10.0.0.253 is gateway
10.0.0.6 is my laptop
10.0.0.2 is my server (if it comes up...)
10.0.0.1 is workstation

Any help appreciated

 

[yoda]

Additional info...

I've just caught AVG scanning an outbound email... but I've not got outlook open...
it's sending to ppp121-45-35-225.lns10.adl2.internode.on.net

I'm blocking AVG from accessing the internet using windows firewall...

Anyone have any info about this?

 

[Nix]

Have you scanned for trojans?

 

[yoda]

yes... but these days any scanner is at bet 99.9% acurite, this could this be something new?
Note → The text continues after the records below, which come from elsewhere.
(* For every point set $X$ that is a permutation, $\mathrm{GB}(X)\le 2\,\mathrm{opt}(X)$.
   Context: Points have integer coordinates; $X$ is a permutation if every horizontal and every vertical line contains at most one point of $X$. Two points are collinear if they share an $x$- or a $y$-coordinate; for non-collinear $p,q$, $\square_{p,q}$ is the smallest closed axis-parallel rectangle containing both; the pair is satisfied in $S$ if some $r\in S\setminus\{p,q\}$ lies in $\square_{p,q}$, and $S$ is satisfied if all its non-collinear pairs are. $\mathrm{opt}(X)$ is the minimum $|Y|$ with $X\cup Y$ satisfied. Guillotine bound: a guillotine partitioning tree $T$ is built as follows. The root $r$ has region $S(r)=B$, a bounding box of $X$. While some leaf $v$ has $|S(v)\cap X|>1$, choose such $v$ and a vertical or horizontal line $L(v)$ inside $S(v)$ containing no point of $X$ that splits $S(v)$ into two rectangles $S',S''$ with $X\cap S'\ne\emptyset\ne X\cap S''$; give $v$ two children with regions $S'$ and $S''$. The cost of an internal vertex $v$ is the number of pairs of points of $X\cap S(v)$ that are consecutive in increasing $y$-order (if $L(v)$ is vertical) or in increasing $x$-order (if $L(v)$ is horizontal) and lie on opposite sides of $L(v)$; leaves cost $0$. $\mathrm{GB}_T(X)$ is the total cost and $\mathrm{GB}(X)=\max_T\mathrm{GB}_T(X)$. *)

theory Defs
  imports Complex_Main
begin

type_synonym point = "int \<times> int"

definition is_permutation :: "point set \<Rightarrow> bool" where
  "is_permutation X \<longleftrightarrow>
     (\<forall>p\<in>X. \<forall>q\<in>X. p \<noteq> q \<longrightarrow> fst p \<noteq> fst q \<and> snd p \<noteq> snd q)"

definition collinear_pt :: "point \<Rightarrow> point \<Rightarrow> bool" where
  "collinear_pt p q \<longleftrightarrow> fst p = fst q \<or> snd p = snd q"

definition in_box :: "point \<Rightarrow> point \<Rightarrow> point \<Rightarrow> bool" where
  "in_box p q r \<longleftrightarrow>
     min (fst p) (fst q) \<le> fst r \<and> fst r \<le> max (fst p) (fst q) \<and>
     min (snd p) (snd q) \<le> snd r \<and> snd r \<le> max (snd p) (snd q)"
lemma dim_orth_proj_orthogonal_comp_image:
  fixes D S :: "'a::euclidean_space set" and a :: 'a
  assumes D: "subspace D"
  defines "T \<equiv> span (insert a D)"
  shows "dim (orth_proj (T\<^sup>\<bottom>) ` S) \<le> dim (orth_proj (D\<^sup>\<bottom>) ` S)"
    and "dim (orth_proj (D\<^sup>\<bottom>) ` S) \<le> dim (orth_proj (T\<^sup>\<bottom>) ` S) + 1"
proof -
  let ?P = "orth_proj (T\<^sup>\<bottom>)" and ?Q = "orth_proj (D\<^sup>\<bottom>)"
  have T: "subspace T"
    unfolding T_def by (rule subspace_span)
  have DT: "D \<subseteq> T"
    unfolding T_def using span_superset[of "insert a D"] by blast
  have "dim (?P ` ?Q ` S) \<le> dim (?Q ` S)"
    by (rule dim_image_le[OF linear_orth_proj[OF subspace_orthogonal_comp]])
  then show "dim (?P ` S) \<le> dim (?Q ` S)"
    by (simp add: image_image orth_proj_orthogonal_comp_nested[OF D T DT])
  have "?Q s \<in> span (insert (?Q a) (?P ` S))" if s: "s \<in> S" for s
  proof -
    have "s - ?P s \<in> T" "s - ?Q s \<in> T"
      using orth_proj_orthogonal_comp(2)[OF T, of s] orth_proj_orthogonal_comp(2)[OF D, of s] DT
      by auto
    then have "(s - ?P s) - (s - ?Q s) \<in> span (insert a D)"
      unfolding T_def by (rule span_diff)
    moreover have "?Q s - ?P s \<in> D\<^sup>\<bottom>"
      using orth_proj_orthogonal_comp(1)[OF D, of s] orth_proj_orthogonal_comp(1)[OF T, of s]
        orthogonal_comp_anti_mono[OF DT]
      by (auto intro: subspace_diff[OF subspace_orthogonal_comp])
    ultimately have "?Q s - ?P s \<in> span {?Q a}"
      by (intro span_insert_inter_orthogonal_comp[OF D]) simp_all
    then have "?Q s - ?P s \<in> span (insert (?Q a) (?P ` S))"
      using span_mono[of "{?Q a}" "insert (?Q a) (?P ` S)"] by blast
    moreover have "?P s \<in> span (insert (?Q a) (?P ` S))"
      using s by (intro span_base) auto
    ultimately have "?P s + (?Q s - ?P s) \<in> span (insert (?Q a) (?P ` S))"
      by (rule span_add[rotated])
    then show ?thesis
      by simp
  qed
  then show "dim (?Q ` S) \<le> dim (?P ` S) + 1"
    by (intro dim_le_Suc_if_subset_span_insert[where b = "?Q a"]) blast
qed

lemma dim_linear_image_span_insert:
  fixes f :: "'a::euclidean_space \<Rightarrow> 'b::euclidean_space"
  assumes f: "linear f"
  shows "dim (f ` span R) \<le> dim (f ` span (insert b R))"
    and "dim (f ` span (insert b R)) \<le> dim (f ` span R) + 1"
proof -
  show "dim (f ` span R) \<le> dim (f ` span (insert b R))"
    by (intro dim_subset image_mono span_mono) blast
  have "f ` span (insert b R) = span (insert (f b) (f ` R))"
    by (simp add: linear_span_image[OF f, symmetric])
  also have "\<dots> \<subseteq> span (insert (f b) (f ` span R))"
    by (intro span_mono insert_mono image_mono span_superset)
  finally show "dim (f ` span (insert b R)) \<le> dim (f ` span R) + 1"
    by (rule dim_le_Suc_if_subset_span_insert)
qed

section \<open>Derivatives of the ruled map\<close>

lemma vderiv_vderiv_1: "vderiv k (vderiv 1 f) = vderiv (Suc k) f"
  by (induction k) simp_all

lemma vderiv_1_vderiv_1: "vderiv 1 (vderiv 1 f) = vderiv 2 f"
  by (simp add: vderiv_vderiv_1 numeral_2_eq_2)

lemma smooth_curve_on_vderiv_1: "smooth_curve_on S f \<Longrightarrow> smooth_curve_on S (vderiv 1 f)"
  unfolding smooth_curve_on_def vderiv_vderiv_1 by blast

lemma smooth_curve_on_has_vector_derivative:
  assumes "smooth_curve_on S f" "s \<in> S"
  shows "(vderiv k f has_vector_derivative vderiv (Suc k) f s) (at s)"
  using assms unfolding smooth_curve_on_def by (simp add: vector_derivative_works[symmetric])

lemma smooth_curve_on_has_vector_derivative_1:
  assumes "smooth_curve_on S f" "s \<in> S"
  shows "(f has_vector_derivative vderiv 1 f s) (at s)"
  using smooth_curve_on_has_vector_derivative[OF assms, of 0] by simp

lemma has_derivative_comp_fst:
  fixes f :: "real \<Rightarrow> 'a::real_normed_vector" and u :: "'b::real_normed_vector"
  assumes "(f has_vector_derivative f') (at t)"
  shows "((\<lambda>p. f (fst p)) has_derivative (\<lambda>h. fst h *\<^sub>R f')) (at (t, u))"
  using has_derivative_compose[OF has_derivative_fst[OF has_derivative_ident, of "at (t, u)"]]
    assms[unfolded has_vector_derivative_def] by simp

lemma has_derivative_ruled_map:
  fixes \<gamma> :: "real \<Rightarrow> 'a::euclidean_space" and X :: "'k::finite \<Rightarrow> real \<Rightarrow> 'a"
  assumes \<gamma>: "(\<gamma> has_vector_derivative \<gamma>') (at t)"
    and X: "\<And>j. (X j has_vector_derivative X' j) (at t)"
  shows "(ruled_map \<gamma> X has_derivative
      (\<lambda>h. fst h *\<^sub>R (\<gamma>' + (\<Sum>j\<in>UNIV. (u $ j) *\<^sub>R X' j)) + (\<Sum>j\<in>UNIV. (snd h $ j) *\<^sub>R X j t)))
      (at (t, u))"
proof -
  have coord: "((\<lambda>p::real \<times> (real ^ 'k). snd p $ j) has_derivative (\<lambda>h. snd h $ j)) (at (t, u))" for j
    by (rule bounded_linear.has_derivative[OF bounded_linear_vec_nth has_derivative_snd[OF has_derivative_ident]])
  have summand: "((\<lambda>p. (snd p $ j) *\<^sub>R X j (fst p)) has_derivative
      (\<lambda>h. (u $ j) *\<^sub>R (fst h *\<^sub>R X' j) + (snd h $ j) *\<^sub>R X j t)) (at (t, u))" for j
    using has_derivative_scaleR[OF coord has_derivative_comp_fst[OF X]] by simp
  have "(ruled_map \<gamma> X has_derivative
      (\<lambda>h. fst h *\<^sub>R \<gamma>' + (\<Sum>j\<in>UNIV. (u $ j) *\<^sub>R (fst h *\<^sub>R X' j) + (snd h $ j) *\<^sub>R X j t)))
      (at (t, u))"
    unfolding ruled_map_def[abs_def]
    by (intro has_derivative_add has_derivative_sum summand has_derivative_comp_fst[OF \<gamma>])
  then show ?thesis
    by (simp add: algebra_simps scaleR_sum_right sum.distrib)
qed

lemma has_derivative_ruled_map_smooth:
  fixes \<gamma> :: "real \<Rightarrow> 'a::euclidean_space" and X :: "'k::finite \<Rightarrow> real \<Rightarrow> 'a"
  assumes \<gamma>: "smooth_curve_on I \<gamma>" and X: "\<forall>j. smooth_curve_on I (X j)" and t: "t \<in> I"
  shows "(ruled_map \<gamma> X has_derivative
      (\<lambda>h. fst h *\<^sub>R ruled_map (vderiv 1 \<gamma>) (\<lambda>j. vderiv 1 (X j)) (t, u) + (\<Sum>j\<in>UNIV. (snd h $ j) *\<^sub>R X j t)))
      (at (t, u))"
  using has_derivative_ruled_map[OF smooth_curve_on_has_vector_derivative_1[OF \<gamma> t]
      smooth_curve_on_has_vector_derivative_1[OF X[rule_format] t]]
  by (simp add: ruled_map_def)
I turned the logging on on my netgear to email me... it's reporting hundreds of DOS atacks an hour....

I'm tempted to phone my ISP and ask for a new static IP and see if it follows me...

 

[Dist]

are you use torrents? Netgear routers often detect torrent traffic as a possible DOS attack. Even hours, sometimes days, after you close your torrent program people will not realize you are no longer an available source and still continue to attempt to connect to you, thinking you are still part of the torrent.

Also why do you want to block AVG? it wont be able to get new updates. Surely you should block whatever is sending the outbound email?

 

[yoda]

torrents yes... would i get better results if i disable DOS detection?

Well, i've blocked AVG to stop the outbound emails, however, windows firewall does not seem to be stopping AVG at all since it updates ok...

might go and get zone alarm if they still do a free version...

:edit
Whats the command line to view curent TCP connections?

 

[Dist]

the command line command is netstat, if you need more specific results, like the program or whatever causing the connections do netstat ? and it will show the extra parts to the command you can use.

 

[oddjob62]

Assuming you're using utorrent....
http://www.utorrent.com/faq.php#Hel..._sending_e-mails.2Faccessing_the_web.2Fetc.21

It's simply some people using port 25 (usually SMTP) for their torrent connection port.